桑泠小脸上写满了惊愕,什么害怕的情绪,全都被抛到了九霄云外。
她的眼里只有明晃晃的几个字:还能这样?
容渊看着她这样,只觉得可爱,没忍住,伸手轻轻抚了抚她的小脸。
触感细腻温软,是真实存在的桑泠,不是在做梦。
真好。
“怎么了,不允许我反悔吗?”
唰——
桑泠如同触电般,身体一下子向后躲,忘记自己现在的姿势是半跪着的,所以直接一屁股坐到了地上。
“不行。”
她拧眉,严肃地看着容渊,“你这么做,难道是想用这种方式报复我吗?”
本来说的好好的做亲兄妹,怎么说反悔就反悔。
毫无征兆。
容渊手指一僵,痉挛似的抽搐了几下。
他的眸光一点点沉了下来,死死盯着桑泠,“报复?难道我解释的还不够清楚吗?”
桑泠自知说错了话,她从男人看似狠厉狰狞的眸光下,捕捉到了一丝难掩的痛苦,她指尖紧紧扣着地板,喃喃:“可——你从来没跟我说过这些。爸爸以前让你娶我,你也不肯……”
这句话化为无形的利剑,狠狠刺穿了容渊的心口。
好像有汩汩的鲜血涌了出来。
容渊扯了扯唇,狠狠咽下喉口的腥甜,“你说的对,我是自作自受,以前被仇恨蒙蔽双眼,看不清自己的心,现在被你这样对待,也是我该承受的。”
“不是这样……”
桑泠觉得不理解,但她能感受到当初容渊说不想娶她的时候,是真心的。
而现在,在她已经完全对感情不抱期待的时候,容渊又来说这个。要是她喜欢容渊,早就回去找他了,又何必接受裴霁明登堂入室?
虽然裴霁明不是她男朋友,不过这时候,为了让容渊死心,桑泠道:“哥哥,我已经有男朋友了。”
就算容渊喜欢她是真心的,桑泠也没想过接受他。
“我看到了。”
容渊牵唇,双目阴沉。
“什么?”桑泠愣了愣,容渊什么时候看到的?
“床头柜上的合照,衣柜里男人的衣服,还有……抽屉里的byt。”
每说一句,容渊喉咙的腥甜便更浓一分,他如同自虐般,毫不在意自己变态的窥探行径被桑泠知道,反正他在桑泠心里,还有什么形象,地位可言吗?
桑泠根本不在乎。
“够了!别说了!”
桑泠瞳孔震颤,简直快不认识面前这个人了,以前的容渊是她最可靠的哥哥,外形俊美高大,做事雷厉风行,行得正坐得端。可听听,他现在说的都是些什么?
“你怎么能…这是我的隐私!你这么做是不对的!”
她谴责容渊,一张小脸慢慢变红,更加昳丽脱俗。
容渊看着她眼尾泛着的盈盈水光,只是冰山一角便足够勾人,而那个姓裴的,却可以看到她的所有。
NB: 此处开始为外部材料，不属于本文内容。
(* Let $X$ be a compact metrizable countable space and $f:X\to X$ a continuous function such that $(X,f)$ is transitive. If $f^p$ is continuous for every $p\in\mathbb N^*$, then the set $P_f$ is finite.
   Context: $(X,f)$ is transitive if some point has dense orbit $\{f^n(x):n\in\mathbb N\}$. $\mathbb N^*$ is the set of free ultrafilters on $\mathbb N$; for $p\in\mathbb N^*$ the $p$-iterate is $f^p(x)=p\text{-}\lim_{n\to\infty}f^n(x)$, where $y=p\text{-}\lim x_n$ means $\{n: x_n\in V\}\in p$ for every neighborhood $V$ of $y$. A point $x$ is periodic if $f^n(x)=x$ for some $n\ge1$, with period $\min\{n\ge1:f^n(x)=x\}$; $P_f$ is the set of all periods of periodic points of $f$. *)

theory Defs
  imports "HOL-Analysis.Analysis"
begin

definition free_ultrafilter :: "nat set set \<Rightarrow> bool" where
  "free_ultrafilter p \<longleftrightarrow>
     {} \<notin> p \<and>
     (\<forall>A B. A \<in> p \<and> A \<subseteq> B \<longrightarrow> B \<in> p) \<and>
     (\<forall>A B. A \<in> p \<and> B \<in> p \<longrightarrow> A \<inter> B \<in> p) \<and>
     (\<forall>A. A \<in> p \<or> - A \<in> p) \<and>
     (\<forall>A. finite A \<longrightarrow> A \<notin> p)"

definition is_p_limit :: "'a topology \<Rightarrow> nat set set \<Rightarrow> (nat \<Rightarrow> 'a) \<Rightarrow> 'a \<Rightarrow> bool" where
  "is_p_limit X p s y \<longleftrightarrow> y \<in> topspace X \<and>
     (\<forall>V. openin X V \<and> y \<in> V \<longrightarrow> {n. s n \<in> V} \<in> p)"

definition p_iterate :: "'a topology \<Rightarrow> nat set set \<Rightarrow> ('a \<Rightarrow> 'a) \<Rightarrow> 'a \<Rightarrow> 'a" where
  "p_iterate X p f x = (THE y. is_p_limit X p (\<lambda>n. (f ^^ n) x) y)"

definition transitive_system :: "'a topology \<Rightarrow> ('a \<Rightarrow> 'a) \<Rightarrow> bool" where
  "transitive_system X f \<longleftrightarrow>
     (\<exists>x \<in> topspace X. X closure_of {(f ^^ n) x | n. True} = topspace X)"

definition periodic_point :: "'a topology \<Rightarrow> ('a \<Rightarrow> 'a) \<Rightarrow> 'a \<Rightarrow> bool" where
  "periodic_point X f x \<longleftrightarrow> x \<in> topspace X \<and> (\<exists>n\<ge>1. (f ^^ n) x = x)"

definition period :: "('a \<Rightarrow> 'a) \<Rightarrow> 'a \<Rightarrow> nat" where
  "period f x = (LEAST n. n \<ge> 1 \<and> (f ^^ n) x = x)"

definition periods :: "'a topology \<Rightarrow> ('a \<Rightarrow> 'a) \<Rightarrow> nat set" where
  "periods X f = {period f x | x. periodic_point X f x}"

end

theory Submission
  imports Defs
begin

(* If every periodic point lies on the dense orbit of x, that orbit is eventually periodic,
   hence finite, and so are the periodic points.  Otherwise take a periodic point y off the
   orbit: it lies in the closure of the orbit but not on it, so it is an accumulation point of
   f^n(x), and y = p-lim f^n(x) for some free ultrafilter p.  Then f^p(f^k(x)) = f^k(y), so the
   continuous map f^p sends the dense orbit of x, hence all of X, into the finite closed orbit
   of y.  Since f^p(w) stays on the cycle of each periodic point w, that cycle meets the cycle
   of y, so every periodic point has the period of y. *)

lemma
  assumes "free_ultrafilter p"
  shows free_ultrafilter_empty: "{} \<notin> p"
    and free_ultrafilter_mono: "A \<in> p \<Longrightarrow> A \<subseteq> B \<Longrightarrow> B \<in> p"
    and free_ultrafilter_Int: "A \<in> p \<Longrightarrow> B \<in> p \<Longrightarrow> A \<inter> B \<in> p"
    and free_ultrafilter_Compl: "A \<notin> p \<Longrightarrow> - A \<in> p"
  using assms unfolding free_ultrafilter_def by blast+

lemma free_ultrafilter_UNIV: "free_ultrafilter p \<Longrightarrow> UNIV \<in> p"
  using free_ultrafilter_Compl free_ultrafilter_empty by fastforce

lemma free_ultrafilter_Un:
  assumes p: "free_ultrafilter p" and "A \<union> B \<in> p"
  shows "A \<in> p \<or> B \<in> p"
proof (rule disjCI)
  assume "B \<notin> p"
  then have "(A \<union> B) \<inter> - B \<in> p"
    using assms by (simp add: free_ultrafilter_Compl free_ultrafilter_Int)
  then show "A \<in> p" by (rule free_ultrafilter_mono[OF p]) blast
qed

lemma free_ultrafilter_finite_UN:
  assumes p: "free_ultrafilter p" and "finite I" and "(\<Union>i\<in>I. A i) \<in> p"
  shows "\<exists>i\<in>I. A i \<in> p"
  using \<open>finite I\<close> \<open>(\<Union>i\<in>I. A i) \<in> p\<close>
proof (induction I rule: finite_induct)
  case empty
  with p show ?case by (simp add: free_ultrafilter_empty)
next
  case (insert i I)
  then show ?case using free_ultrafilter_Un[OF p] by auto
qed

definition proper_set_filter :: "'a set set \<Rightarrow> bool" where
  "proper_set_filter q \<longleftrightarrow> {} \<notin> q \<and> (\<forall>A B. A \<in> q \<and> A \<subseteq> B \<longrightarrow> B \<in> q) \<and>
     (\<forall>A B. A \<in> q \<and> B \<in> q \<longrightarrow> A \<inter> B \<in> q)"
definition supermartingale :: "(bstr \<Rightarrow> real set) \<Rightarrow> (bstr \<Rightarrow> real) \<Rightarrow> bool" where
  "supermartingale \<phi> M \<longleftrightarrow> (\<forall>s. upper_exp (\<phi> s) (\<lambda>x. M (s @ [x])) \<le> M s)"

definition upper_prob :: "(bstr \<Rightarrow> real set) \<Rightarrow> path set \<Rightarrow> bstr \<Rightarrow> ereal" where
  "upper_prob \<phi> G s = Inf {ereal (M s) | M. supermartingale \<phi> M \<and>
      (\<forall>\<omega>\<in>cyl s. liminf (\<lambda>n. ereal (M (init \<omega> n))) \<ge> ereal (indicator G \<omega>))}"

definition schnorr_test :: "(bstr \<Rightarrow> real set) \<Rightarrow> (nat \<times> bstr) set \<Rightarrow> bool" where
  "schnorr_test \<phi> A \<longleftrightarrow> recursive_set_nat_str A \<and>
     (\<forall>n. upper_prob \<phi> (cylset (sect A n)) [] \<le> ereal (1 / 2 ^ n)) \<and>
     (\<exists>e. recursive_nat2 e \<and>
        (\<forall>N n l. l \<ge> e N n \<longrightarrow>
           upper_prob \<phi> (cylset (sect A n) - cylset (sect_lt A n l)) [] \<le> ereal (1 / 2 ^ N)))"

end

theory Submission
  imports Defs
begin
(* Let $H\in\mathbb{R}^{n\times d}$ have rank $h$, $\Sigma\in\mathbb{R}^{n\times n}$ symmetric positive definite, and let $\Gamma_i$ ($i\ge0$) be the empirical covariances of deterministic EKI iterates $v_{i+1}^{(j)}=v_i^{(j)}+\Gamma_iH^\top(H\Gamma_iH^\top+\Sigma)^{-1}(y-Hv_i^{(j)})$. Let $\mathbb{M}_i=(I+\Gamma_iH^\top\Sigma^{-1}H)^{-1}$ and let $\mathbb{P},\mathbb{Q},\mathbb{N}$ be as in the context. Then for every $i\ge0$: $\mathbb{M}_i$ commutes with each of $\mathbb{P},\mathbb{Q},\mathbb{N}$; $\mathbb{P}^2=\mathbb{P}$, $\mathbb{Q}^2=\mathbb{Q}$, $\mathbb{N}^2=\mathbb{N}$; $\mathbb{P}\mathbb{Q}=\mathbb{Q}\mathbb{N}=\mathbb{P}\mathbb{N}=0$; and $\mathbb{P}+\mathbb{Q}+\mathbb{N}=I$.
   Context: $H^+=(H^\top\Sigma^{-1}H)^\dagger H^\top\Sigma^{-1}$. Let $r$ be the number of positive eigenvalues of $H\Gamma_0H^\top w=\delta\Sigma w$, and $w_1,\dots,w_n$ a basis of $\mathbb{R}^n$ with $w_k^\top\Sigma w_l$ equal to $1$ if $k=l$, $0$ otherwise, each $w_\ell$ a generalized eigenvector of $(H\Gamma_iH^\top,\Sigma)$ for every $i\ge0$ with eigenvalue $\delta_{\ell,i}$, where $w_1,\dots,w_r\in\mathsf{Ran}(\Sigma^{-1}H)$ have positive eigenvalues, $w_{r+1},\dots,w_h\in\mathsf{Ran}(\Sigma^{-1}H)$ eigenvalue zero, $w_{h+1},\dots,w_n$ a basis of $\mathsf{Ker}(H^\top)$. Let $u_\ell=\frac1{\delta_{\ell,0}}\Gamma_0H^\top w_\ell$ ($\ell\le r$), $u_\ell=H^+\Sigma w_\ell$ ($r<\ell\le h$), $U=[u_1,\dots,u_h]$, $U_{k:l}$ its columns $k$ through $l$. $\mathbb{P}=U_{1:r}U_{1:r}^\top H^\top\Sigma^{-1}H$, $\mathbb{Q}=U_{r+1:h}U_{r+1:h}^\top H^\top\Sigma^{-1}H$, $\mathbb{N}=I-\mathbb{P}-\mathbb{Q}$. *)

theory Defs
  imports "HOL-Analysis.Analysis"
begin

definition outer :: "real^'m \<Rightarrow> real^'k \<Rightarrow> real^'k^'m" where
  "outer x y = (\<chi> i j. x $ i * y $ j)"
只要想到这一点,他就嫉妒得无以复加,简直想立刻杀了裴霁明,把他剁碎了喂狗。
“在你心里,我不是做什么都是错的吗?”
心中越翻江倒海,容渊的语气就越冷静。
桑泠不可思议,这破罐子破摔的语气,容渊是疯了吗?
“我们不讨论这个,我不会跟你回去的,今天你闯到我家里来,我也不跟你计较,我们已经是两个世界的人了,容渊…哥哥,你回去吧。”
男人的神情在桑泠的眼前一点点变得阴沉可怖,她逐渐软下声音,转换了称呼。
何尝没有安抚、诱哄的成分。
容渊当然知道,于是更觉得讽刺,桑泠现在好声好气地叫他哥哥,只是怕他强硬的把她带走,什么心思都有,唯独没有真心。
“泠泠,我们之间,怎么变成现在这样了?”
他笑了笑,从地上把桑泠轻轻拉起来,问:“你跟哥哥说实话,你是不是挺恨我的?桑家是被我搞破产的,我害你从一个高高在上的千金大小姐,沦落到现在这样,这间小公寓,泠泠能住的习惯吗?”
说实话,不习惯。
哪怕桑德发不重视她,她从小也是锦衣玉食长到这么大的,家里有保姆厨师,出门有司机,卡里的钱不多不少,足够支撑她与小姐妹去大商场的消费。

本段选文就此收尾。